В канун бабьего лета | страница 84



Захаживали к Назарьевым соседи — старики, бабы, кружком усаживались иа табуретках, осторожные разговоры вели про новые порядки, вздыхали, хотели исподволь выведать что-нибудь у Игната: был он на войне и на чужой стороне, повидал побольше, — может, от офицеров и генералов правду какую слыхал.

— К чему приведет эта жизнь, к кому прислониться?

— Дерутся, а конца-краю не видать.

Игнат советовал обождать, оглядеться, жизнь, она сама укажет.

— Век доживаю, не думала не гадала, что ад кромешный на земле увижу.

— Не приведи господь.

— Помутился белый свет.

— Бо-ога забыли….

Хозяин безучастно глядел в окно. Невмоготу становилось от нудных скорбных жалоб.

— Не сеял, не жал, а за хлебом в закрома лезет.

— Говорят, Митрий Каретников в станичном исполкоме за главного над теми, что хлеб выгребают.

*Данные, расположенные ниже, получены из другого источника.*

(* Let $\mathcal{C}$ be a peircean bicategory, write $a;^\bullet b:=\neg(\neg a;\neg b)$ and $\mathrm{id}^\bullet_X:=\neg\,\mathrm{id}_X$. For every arrow $c:X\to Y$: (1) $c;(\neg c)^\dagger\le\mathrm{id}^\bullet_X$; (2) $\mathrm{id}_Y\le(\neg c)^\dagger;^\bullet c$; (3) $(\neg c)^\dagger;c\le\mathrm{id}^\bullet_Y$; (4) $\mathrm{id}_X\le c;^\bullet(\neg c)^\dagger$.
   Context: Composition $;$ in diagrammatic order. A cartesian bicategory is a poset-enriched symmetric monoidal category with, for each $X$, commutative comonoid $(\mathrm{copy}_X,\mathrm{disc}_X)$ and monoid $(\mathrm{cocopy}_X,\mathrm{codisc}_X)$ forming special Frobenius bimonoids, comonoid left adjoint to monoid, every arrow $c$ satisfying $c;\mathrm{copy}\le\mathrm{copy};(c\otimes c)$ and $c;\mathrm{disc}\le\mathrm{disc}$, with standard coherence. A map is an arrow $f$ with $f;\mathrm{copy}=\mathrm{copy};(f\otimes f)$ and $f;\mathrm{disc}=\mathrm{disc}$. A peircean bicategory is a cartesian bicategory whose homsets carry Boolean algebras (with the given order) such that $f;\neg c=\neg(f;c)$ for every map $f:X\to Y$ and arrow $c:Y\to Z$. The converse of $c:X\to Y$ is $c^\dagger=(\mathrm{id}_Y\otimes(\mathrm{codisc}_X;\mathrm{copy}_X));(\mathrm{id}_Y\otimes c\otimes\mathrm{id}_X);((\mathrm{cocopy}_Y;\mathrm{disc}_Y)\otimes\mathrm{id}_X):Y\to X$. *)

theory Defs
  imports Main
begin

text \<open>Composition Comp is in diagrammatic order: Comp f g = f ; g.\<close>

record ('o, 'a) pbicat =
  Dom    :: "'a \<Rightarrow> 'o"
  Cod    :: "'a \<Rightarrow> 'o"
  Arr    :: "'a \<Rightarrow> bool"
  Id     :: "'o \<Rightarrow> 'a"
  Comp   :: "'a \<Rightarrow> 'a \<Rightarrow> 'a"
  TensO  :: "'o \<Rightarrow> 'o \<Rightarrow> 'o"
  TensA  :: "'a \<Rightarrow> 'a \<Rightarrow> 'a"
  Unit   :: "'o"
  Sym    :: "'o \<Rightarrow> 'o \<Rightarrow> 'a"
  Le     :: "'a \<Rightarrow> 'a \<Rightarrow> bool"
  Copy   :: "'o \<Rightarrow> 'a"
  Disc   :: "'o \<Rightarrow> 'a"
  Cocopy :: "'o \<Rightarrow> 'a"
  Codisc :: "'o \<Rightarrow> 'a"
  Neg    :: "'a \<Rightarrow> 'a"
  Join   :: "'a \<Rightarrow> 'a \<Rightarrow> 'a"
  Meet   :: "'a \<Rightarrow> 'a \<Rightarrow> 'a"
  Top    :: "'o \<Rightarrow> 'o \<Rightarrow> 'a"
  Bot    :: "'o \<Rightarrow> 'o \<Rightarrow> 'a"

definition hom :: "('o, 'a, 'm) pbicat_scheme \<Rightarrow> 'o \<Rightarrow> 'o \<Rightarrow> 'a set" where
  "hom C X Y = {f. Arr C f \<and> Dom C f = X \<and> Cod C f = Y}"

locale category =
  fixes C :: "('o, 'a, 'm) pbicat_scheme"
  assumes id_hom: "Id C X \<in> hom C X X"
    and comp_hom: "\<lbrakk>f \<in> hom C X Y; g \<in> hom C Y Z\<rbrakk> \<Longrightarrow> Comp C f g \<in> hom C X Z"
    and comp_assoc: "\<lbrakk>f \<in> hom C X Y; g \<in> hom C Y Z; h \<in> hom C Z W\<rbrakk>
        \<Longrightarrow> Comp C (Comp C f g) h = Comp C f (Comp C g h)"
    and id_left: "f \<in> hom C X Y \<Longrightarrow> Comp C (Id C X) f = f"
    and id_right: "f \<in> hom C X Y \<Longrightarrow> Comp C f (Id C Y) = f"

locale strict_symmetric_monoidal = category C
  for C :: "('o, 'a, 'm) pbicat_scheme" +
  assumes tens_hom: "\<lbrakk>f \<in> hom C X Y; g \<in> hom C X' Y'\<rbrakk>
        \<Longrightarrow> TensA C f g \<in> hom C (TensO C X X') (TensO C Y Y')"
    and tens_id: "TensA C (Id C X) (Id C Y) = Id C (TensO C X Y)"
    and interchange: "\<lbrakk>f \<in> hom C X Y; g \<in> hom C Y Z; f' \<in> hom C X' Y'; g' \<in> hom C Y' Z'\<rbrakk>
        \<Longrightarrow> TensA C (Comp C f g) (Comp C f' g') = Comp C (TensA C f f') (TensA C g g')"
    and tensO_assoc: "TensO C (TensO C X Y) Z = TensO C X (TensO C Y Z)"
    and tensO_unit_left: "TensO C (Unit C) X = X"
    and tensO_unit_right: "TensO C X (Unit C) = X"
    and tensA_assoc: "\<lbrakk>Arr C f; Arr C g; Arr C h\<rbrakk>
        \<Longrightarrow> TensA C (TensA C f g) h = TensA C f (TensA C g h)"
    and tensA_unit_left: "Arr C f \<Longrightarrow> TensA C (Id C (Unit C)) f = f"
    and tensA_unit_right: "Arr C f \<Longrightarrow> TensA C f (Id C (Unit C)) = f"
    and sym_hom: "Sym C X Y \<in> hom C (TensO C X Y) (TensO C Y X)"
    and sym_natural: "\<lbrakk>f \<in> hom C X X'; g \<in> hom C Y Y'\<rbrakk>
        \<Longrightarrow> Comp C (TensA C f g) (Sym C X' Y') = Comp C (Sym C X Y) (TensA C g f)"
    and sym_inverse: "Comp C (Sym C X Y) (Sym C Y X) = Id C (TensO C X Y)"
    and sym_hexagon: "Sym C X (TensO C Y Z)
        = Comp C (TensA C (Sym C X Y) (Id C Z)) (TensA C (Id C Y) (Sym C X Z))"

locale poset_enriched_ssm = strict_symmetric_monoidal C
  for C :: "('o, 'a, 'm) pbicat_scheme" +
  assumes le_parallel: "Le C f g \<Longrightarrow> Arr C f \<and> Arr C g \<and> Dom C f = Dom C g \<and> Cod C f = Cod C g"
    and le_refl: "Arr C f \<Longrightarrow> Le C f f"
    and le_trans: "\<lbrakk>Le C f g; Le C g h\<rbrakk> \<Longrightarrow> Le C f h"
    and le_antisym: "\<lbrakk>Le C f g; Le C g f\<rbrakk> \<Longrightarrow> f = g"
    and comp_mono: "\<lbrakk>Le C f f'; Le C g g'; Cod C f = Dom C g\<rbrakk>
        \<Longrightarrow> Le C (Comp C f g) (Comp C f' g')"
    and tens_mono: "\<lbrakk>Le C f f'; Le C g g'\<rbrakk> \<Longrightarrow> Le C (TensA C f g) (TensA C f' g')"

— Он знает, у кого брать. Все у нас заранее обглядел, вынюхал.

— Эх, не свое — не жалко.

При упоминании о Каретникове передернуло Игната. Поднялся, ушел в другую комнату. «В станичном исполкоме… Вот как. До власти дорвался. Теперь тягаться с ним потяжельше, если б привелось… Неужели Любава с ним? В одной упряжке? Неужели не одумается?» И опять у Игната заболело сердце, как там, на чужбине. И никуда не деться от боли этой, ничем не притушить ее. Охватывала оторопь, когда глядел на себя в зеркало — жесткими, темными стали скулы, на лбу залегла морщина, угрюмость, настороженность в карих глазах. А ведь с той поры… минул всего один год. А какая теперь Любава?..

Демочка влетел к Игнату на третий день под вечер. В рубашке с засученными рукавами, запыхавшийся и такой же, как бывало в степи, до черноты загорелый.

— Братка! — вскрикнул он с порога. — Живой?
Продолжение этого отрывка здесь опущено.